==== Extracted material

lemma smult3_zero_left [simp]: "smult3 0 v = (0, 0, 0)"
  by (cases v) simp

lemma smult3_smult3 [simp]: "smult3 k (smult3 k' v) = smult3 (k * k') v"
  by (cases v) (simp add: algebra_simps)

lemma smult3_eq_zero_iff [simp]:
  "smult3 k (v :: 'a::field vec3) = (0, 0, 0) \<longleftrightarrow> k = 0 \<or> v = (0, 0, 0)"
  by (cases v) auto

lemma smult3_right_cancel:
  fixes v :: "'a::field vec3"
  assumes "v \<noteq> (0, 0, 0)"
  shows "smult3 k v = smult3 k' v \<longleftrightarrow> k = k'"
  using assms by (cases v) auto

lemma smult3_in_span1 [simp]: "smult3 k v \<in> span1 v"
  unfolding span1_def by blast

lemma self_in_span1 [simp]: "v \<in> span1 v"
  using smult3_in_span1[of 1 v] by simp

lemma span1_eq_span1:
  fixes v :: "'a::field vec3"
  assumes "x \<in> span1 v" and "x \<noteq> (0, 0, 0)"
  shows "span1 x = span1 v"
proof -
  obtain k where x: "x = smult3 k v" and "k \<noteq> 0"
    using assms unfolding span1_def by auto
  then have "smult3 k' v = smult3 (k' / k) x" for k'
    by simp
  then have "span1 v \<subseteq> span1 x"
    unfolding span1_def by blast
  moreover have "span1 x \<subseteq> span1 v"
    unfolding span1_def x by auto
  ultimately show ?thesis
    by blast
qed

lemma span1_eq_range: "span1 v = range (\<lambda>k. smult3 k v)"
  unfolding span1_def by blast

lemma span1_in_pg_points: "v \<noteq> (0, 0, 0) \<Longrightarrow> span1 v \<in> pg_points"
  unfolding pg_points_def by blast

lemma pg_pointsE:
  assumes "p \<in> pg_points"
  obtains v where "p = span1 v" and "v \<noteq> (0, 0, 0)"
  using assms unfolding pg_points_def by blast

lemma pg_lines_eq_pg_points: "pg_lines = pg_points"
  unfolding pg_lines_def pg_points_def ..

lemma pg_incident_span1_iff: "pg_incident (span1 u) (span1 w) \<longleftrightarrow> dot3 u w = 0"
proof
  show "pg_incident (span1 u) (span1 w) \<Longrightarrow> dot3 u w = 0"
    unfolding pg_incident_def by simp
  show "dot3 u w = 0 \<Longrightarrow> pg_incident (span1 u) (span1 w)"
    unfolding pg_incident_def span1_def by (auto simp del: dot3.simps smult3.simps)
qed

lemma pg_incident_commute:
  assumes "p \<in> pg_points" and "l \<in> pg_points"
  shows "pg_incident p l \<longleftrightarrow> pg_incident l p"
  using assms by (elim pg_pointsE) (simp add: pg_incident_span1_iff dot3_commute)

lemma card_span1_minus_zero:
  fixes v :: "'a::{field,finite} vec3"
  assumes "v \<noteq> (0, 0, 0)"
  shows "card (span1 v - {(0, 0, 0)}) = CARD('a) - 1"
proof -
  have inj: "inj (\<lambda>k. smult3 k v)"
    by (rule injI) (simp add: smult3_right_cancel[OF assms])
  have "span1 v - {(0, 0, 0)} = (\<lambda>k. smult3 k v) ` (UNIV - {0})"
    unfolding span1_eq_range image_set_diff[OF inj] by simp
  then show ?thesis
    using inj by (simp add: card_image inj_on_subset card_Diff_singleton)
qed

lemma pg_points_disjoint:
  fixes p p' :: "'a::{field,finite} vec3 set"
  assumes "p \<in> pg_points" and "p' \<in> pg_points" and "p \<noteq> p'"
  shows "(p - {(0, 0, 0)}) \<inter> (p' - {(0, 0, 0)}) = {}"
proof -
  have "r = span1 x" if "r \<in> pg_points" and "x \<in> r" and "x \<noteq> (0, 0, 0)"
    for r :: "'a vec3 set" and x
    using that by (auto elim!: pg_pointsE simp: span1_eq_span1)
  with assms show ?thesis
    by blast
qed

lemma card_scaling_closed_minus_zero:
  fixes V :: "'a::{field,finite} vec3 set"
  assumes "\<And>x k. x \<in> V \<Longrightarrow> smult3 k x \<in> V"
  shows "card (V - {(0, 0, 0)}) = card {p \<in> pg_points. p \<subseteq> V} * (CARD('a) - 1)"
proof -
  let ?Q = "{p \<in> pg_points. p \<subseteq> V}"
  have "V - {(0, 0, 0)} = (\<Union>p\<in>?Q. p - {(0, 0, 0)})"
  proof
    show "V - {(0, 0, 0)} \<subseteq> (\<Union>p\<in>?Q. p - {(0, 0, 0)})"
    proof
      fix x assume x: "x \<in> V - {(0, 0, 0)}"
      then have "span1 x \<in> pg_points"
        by (simp add: span1_in_pg_points)
      moreover have "span1 x \<subseteq> V"
      proof
        fix y assume "y \<in> span1 x"
        then obtain k where "y = smult3 k x"
          unfolding span1_def by blast
        then show "y \<in> V"
          using assms x by simp
      qed
      ultimately have "span1 x \<in> ?Q"
        by blast
      moreover have "x \<in> span1 x - {(0, 0, 0)}"
        using x by simp
      ultimately show "x \<in> (\<Union>p\<in>?Q. p - {(0, 0, 0)})"
        by blast
    qed
    show "(\<Union>p\<in>?Q. p - {(0, 0, 0)}) \<subseteq> V - {(0, 0, 0)}"
      by blast
  qed
  also have "card \<dots> = (\<Sum>p\<in>?Q. card (p - {(0, 0, 0)}))"
  proof (rule card_UN_disjoint)
    show "\<forall>p\<in>?Q. \<forall>p'\<in>?Q. p \<noteq> p' \<longrightarrow> (p - {(0, 0, 0)}) \<inter> (p' - {(0, 0, 0)}) = {}"
      by (intro ballI impI pg_points_disjoint) auto
  qed simp_all
  also have "\<dots> = (\<Sum>p\<in>?Q. CARD('a) - 1)"
  proof (rule sum.cong[OF refl])
    fix p assume "p \<in> ?Q"
    then have "p \<in> pg_points"
      by simp
    then obtain v where "p = span1 v" and "v \<noteq> (0, 0, 0)"
      by (rule pg_pointsE)
    then show "card (p - {(0, 0, 0)}) = CARD('a) - 1"
      by (simp add: card_span1_minus_zero)
  qed
  finally show ?thesis
    by simp
qed

lemma CARD_ge_two: "CARD('a::{field,finite}) \<ge> 2"
proof -
  have "card {0 :: 'a, 1} \<le> CARD('a)"
    by (rule card_mono) simp_all
  then show ?thesis
    by simp
qed

lemma mult_CARD_minus_one_cancel:
  "m * (CARD('a::{field,finite}) - 1) = n * (CARD('a) - 1) \<Longrightarrow> m = n"
  using CARD_ge_two[where 'a='a] by simp

lemma card_pg_points:
  "card (pg_points :: 'a::{field,finite} vec3 set set) = CARD('a)\<^sup>2 + CARD('a) + 1"
proof (rule mult_CARD_minus_one_cancel[where 'a='a])
  have "card (pg_points :: 'a vec3 set set) * (CARD('a) - 1) = card (UNIV - {(0 :: 'a, 0 :: 'a, 0 :: 'a)})"
    using card_scaling_closed_minus_zero[of "UNIV :: 'a vec3 set"] by simp
  also have "\<dots> = CARD('a) ^ 3 - 1"
    by (simp add: card_Diff_singleton power3_eq_cube)
  also have "\<dots> = (CARD('a)\<^sup>2 + CARD('a) + 1) * (CARD('a) - 1)"
    by (cases "CARD('a)") (simp_all add: algebra_simps power2_eq_square power3_eq_cube)
  finally show "card (pg_points :: 'a vec3 set set) * (CARD('a) - 1)
      = (CARD('a)\<^sup>2 + CARD('a) + 1) * (CARD('a) - 1)" .
qed

fun add3 :: "'a::comm_ring_1 vec3 \<Rightarrow> 'a vec3 \<Rightarrow> 'a vec3" where
  "add3 (a, b, c) (d, e, f) = (a + d, b + e, c + f)"

lemma dot3_add3_left: "dot3 (add3 x y) w = dot3 x w + dot3 y w"
  by (cases x; cases y; cases w) (simp add: algebra_simps)

lemma exists_dot3_eq_one:
  fixes w :: "'a::field vec3"
  assumes "w \<noteq> (0, 0, 0)"
  shows "\<exists>e. dot3 e w = 1"
proof -
  obtain a b c where w: "w = (a, b, c)"
    by (cases w)
  consider "a \<noteq> 0" | "b \<noteq> 0" | "c \<noteq> 0"
    using assms w by auto
  then show ?thesis
  proof cases
    case 1
    then show ?thesis by (intro exI[of _ "(inverse a, 0, 0)"]) (simp add: w)
  next
    case 2
    then show ?thesis by (intro exI[of _ "(0, inverse b, 0)"]) (simp add: w)
  next
    case 3
    then show ?thesis by (intro exI[of _ "(0, 0, inverse c)"]) (simp add: w)
  qed
qed

lemma card_dot3_kernel:
  fixes w :: "'a::{field,finite} vec3"
  assumes "w \<noteq> (0, 0, 0)"
  shows "card {x. dot3 x w = 0} = CARD('a)\<^sup>2"
proof -
  obtain e where e: "dot3 e w = 1"
    using exists_dot3_eq_one[OF assms] by blast
  define F where "F t = {x. dot3 x w = t}" for t
  define k where "k = card (F 0)"
  \<comment> \<open>the level sets are translates of each other along e\<close>
  have card_F: "card (F t) = k" for t
  proof -
    let ?shift = "\<lambda>x. add3 x (smult3 t e)"
    have "bij_betw ?shift (F 0) (F t)"
    proof (rule bij_betw_byWitness[where f' = "\<lambda>x. add3 x (smult3 (- t) e)"])
      have "add3 (add3 x (smult3 s e)) (smult3 (- s) e) = x" for x s
        by (cases x; cases e) simp
      then show "\<forall>x\<in>F 0. add3 (?shift x) (smult3 (- t) e) = x"
        and "\<forall>x\<in>F t. ?shift (add3 x (smult3 (- t) e)) = x"
        by (metis minus_minus)+
      have "dot3 (add3 x (smult3 s e)) w = dot3 x w + s" for x s
        using e by (simp add: dot3_add3_left del: dot3.simps)
      then show "?shift ` F 0 \<subseteq> F t" and "(\<lambda>x. add3 x (smult3 (- t) e)) ` F t \<subseteq> F 0"
        by (auto simp: F_def intro!: image_subsetI)
    qed
    then show ?thesis
      by (simp add: bij_betw_same_card k_def)
  qed
  have "(\<Union>t. F t) = UNIV"
    unfolding F_def by blast
  then have "CARD('a) ^ 3 = card (\<Union>t. F t)"
    by (simp add: power3_eq_cube)
  also have "\<dots> = (\<Sum>t\<in>UNIV. card (F t))"
    by (rule card_UN_disjoint) (simp_all add: F_def disjoint_iff)
  also have "\<dots> = CARD('a) * k"
    by (simp add: card_F)
  finally have "CARD('a) * CARD('a)\<^sup>2 = CARD('a) * k"
    by (simp add: power2_eq_square power3_eq_cube)
  then show ?thesis
    using CARD_ge_two[where 'a='a] by (simp add: k_def F_def)
qed

lemma span1_subset_dot3_kernel: "span1 u \<subseteq> {x. dot3 x w = 0} \<longleftrightarrow> dot3 u w = 0"
proof
  show "span1 u \<subseteq> {x. dot3 x w = 0} \<Longrightarrow> dot3 u w = 0"
    using self_in_span1[of u] by blast
  show "dot3 u w = 0 \<Longrightarrow> span1 u \<subseteq> {x. dot3 x w = 0}"
    unfolding span1_eq_range by (auto simp del: dot3.simps)
qed

lemma card_pg_points_on_line:
  fixes l :: "'a::{field,finite} vec3 set"
  assumes "l \<in> pg_lines"
  shows "card {p \<in> pg_points. pg_incident p l} = CARD('a) + 1"
proof (rule mult_CARD_minus_one_cancel[where 'a='a])
  obtain w where l: "l = span1 w" and w: "w \<noteq> (0, 0, 0)"
    using assms unfolding pg_lines_eq_pg_points by (rule pg_pointsE)
  let ?V = "{x. dot3 x w = 0}"
  have "p \<subseteq> ?V \<longleftrightarrow> pg_incident p l" if "p \<in> pg_points" for p
    using that by (elim pg_pointsE) (simp add: l pg_incident_span1_iff span1_subset_dot3_kernel)
  then have "{p \<in> pg_points. p \<subseteq> ?V} = {p \<in> pg_points. pg_incident p l}"
    by blast
  then have "card {p \<in> pg_points. pg_incident p l} * (CARD('a) - 1) = card (?V - {(0, 0, 0)})"
    using card_scaling_closed_minus_zero[of ?V] by (simp del: dot3.simps smult3.simps)
  also have "\<dots> = CARD('a)\<^sup>2 - 1"
    by (simp add: card_Diff_singleton card_dot3_kernel[OF w])
  also have "\<dots> = (CARD('a) + 1) * (CARD('a) - 1)"
    by (cases "CARD('a)") (simp_all add: algebra_simps power2_eq_square)
  finally show "card {p \<in> pg_points. pg_incident p l} * (CARD('a) - 1)
      = (CARD('a) + 1) * (CARD('a) - 1)" .
qed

========

> [Assignment]: From the records above, copy only the lines starting with the line that holds "obtain w where" and going on through the line that holds "1) = card (?V", exactly as written.

> [Output for this task]:
  obtain w where l: "l = span1 w" and w: "w \<noteq> (0, 0, 0)"
    using assms unfolding pg_lines_eq_pg_points by (rule pg_pointsE)
  let ?V = "{x. dot3 x w = 0}"
  have "p \<subseteq> ?V \<longleftrightarrow> pg_incident p l" if "p \<in> pg_points" for p
    using that by (elim pg_pointsE) (simp add: l pg_incident_span1_iff span1_subset_dot3_kernel)
  then have "{p \<in> pg_points. p \<subseteq> ?V} = {p \<in> pg_points. pg_incident p l}"
    by blast
  then have "card {p \<in> pg_points. pg_incident p l} * (CARD('a) - 1) = card (?V - {(0, 0, 0)})"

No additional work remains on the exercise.